During neural network training, it’s possible to use a momentum factor. Momentum is a technique designed to speed up training. But I hardly ever see momentum used. The main problem with momentum is that it adds another hyperparameter, the momentum factor, and the time spent determining a good value for the momentum factor outweighs the benefit in speed.

There are two types of momentum — plain momentum and Nesterov momentum. Nesterov momentum is a more technically sophisticated version of regular momentum. See https://jamesmccaffrey.wordpress.com/2017/07/24/neural-network-nesterov-momentum/.
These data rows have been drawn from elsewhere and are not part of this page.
text \<open>Since \<open>0 * ln 0 = 0\<close> in Isabelle, no restriction to the support of \<open>x\<close> is needed.\<close>
lemma eigenvector_sum_mult_ln:
  assumes U: "uniform_hypergraph r n E" and ev: "eigenvector n E x"
  shows "(\<Sum>e\<in>E. (\<Prod>k\<in>e. x k) * ln (\<Prod>k\<in>e. x k))
       = r * mu n E * (\<Sum>i\<in>{1..n}. x i * ln (x i))"
proof -
  have nonneg: "\<forall>i\<in>{1..n}. x i \<ge> 0"
    using ev by (simp add: eigenvector_def std_simplex_def)
  have "(\<Sum>e\<in>E. (\<Prod>k\<in>e. x k) * ln (\<Prod>k\<in>e. x k))
      = (\<Sum>e\<in>E. \<Sum>i\<in>{1..n}. if i \<in> e then (\<Prod>k\<in>e. x k) * ln (x i) else 0)"
  proof (rule sum.cong[OF refl])
    fix e assume "e \<in> E"
    then have e: "e \<subseteq> {1..n}" "finite e"
      using U by (auto simp: uniform_hypergraph_def intro: finite_subset)
    then have "{i \<in> {1..n}. i \<in> e} = e"
      by auto
    then show "(\<Prod>k\<in>e. x k) * ln (\<Prod>k\<in>e. x k)
        = (\<Sum>i\<in>{1..n}. if i \<in> e then (\<Prod>k\<in>e. x k) * ln (x i) else 0)"
      using prod_mult_ln_prod[of e x] e nonneg
        sum.inter_filter[of "{1..n}" "\<lambda>i. (\<Prod>k\<in>e. x k) * ln (x i)" "\<lambda>i. i \<in> e"]
      by auto
  qed
  also have "\<dots> = (\<Sum>i\<in>{1..n}. ln (x i) * (\<Sum>e\<in>E. if i \<in> e then \<Prod>k\<in>e. x k else 0))"
    by (subst sum.swap) (auto simp: sum_distrib_left intro!: sum.cong)
  also have "\<dots> = (\<Sum>i\<in>{1..n}. ln (x i) * (r * mu n E * x i))"
    using eigenvector_degree_eq[OF U ev] by simp
  also have "\<dots> = r * mu n E * (\<Sum>i\<in>{1..n}. x i * ln (x i))"
    by (simp add: sum_distrib_left algebra_simps)
  finally show ?thesis .
qed

lemma sigma_pos: "sigma n x > 0"
  unfolding sigma_def by (intro prod_pos) simp

lemma ln_sigma: "ln (sigma n x) = (\<Sum>i\<in>{1..n}. x i * ln (x i))"
  unfolding sigma_def by (subst ln_prod) (auto simp: ln_powr intro: sum.cong)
As usual, the idea is best explained by a concrete example. In the images below, I use no momentum, regular momentum (factor = 0.95), and Nesterov momentum (0.95). If you look at the loss values, you can see the the two momentum runs do in fact train faster. But if you look at the accuracy metrics, you can see that the no-momentum version has the best test accuracy. The point is that training speed isn’t the only thing that’s important.

*Left: No momentum. Center: Regular momentum, factor = 0.95. Right: Nesterov momentum, factor = 0.95.*

The key statements are:

max_epochs = 1000 ep_log_interval = 100 lrn_rate = 0.01 loss_func = T.nn.NLLLoss() # assumes log_softmax() # 1. optimizer = T.optim.SGD(net.parameters(), lr=lrn_rate) # 2. optimizer = T.optim.SGD(net.parameters(), lr=lrn_rate, # momentum=0.95) # 3. optimizer = T.optim.SGD(net.parameters(), lr=lrn_rate, # nesterov=True, momentum=0.95, dampening=0) . . .

I’m using stochastic gradient descent (SGD). The learning rate is required and tuning the learning rate is a major challenge. The first version doesn’t use any momentum. The second version uses regular momentum with factor 0.95. The third version uses Nesterov momentum with factor 0.95 (the dampening of 0 is required for Nesterov).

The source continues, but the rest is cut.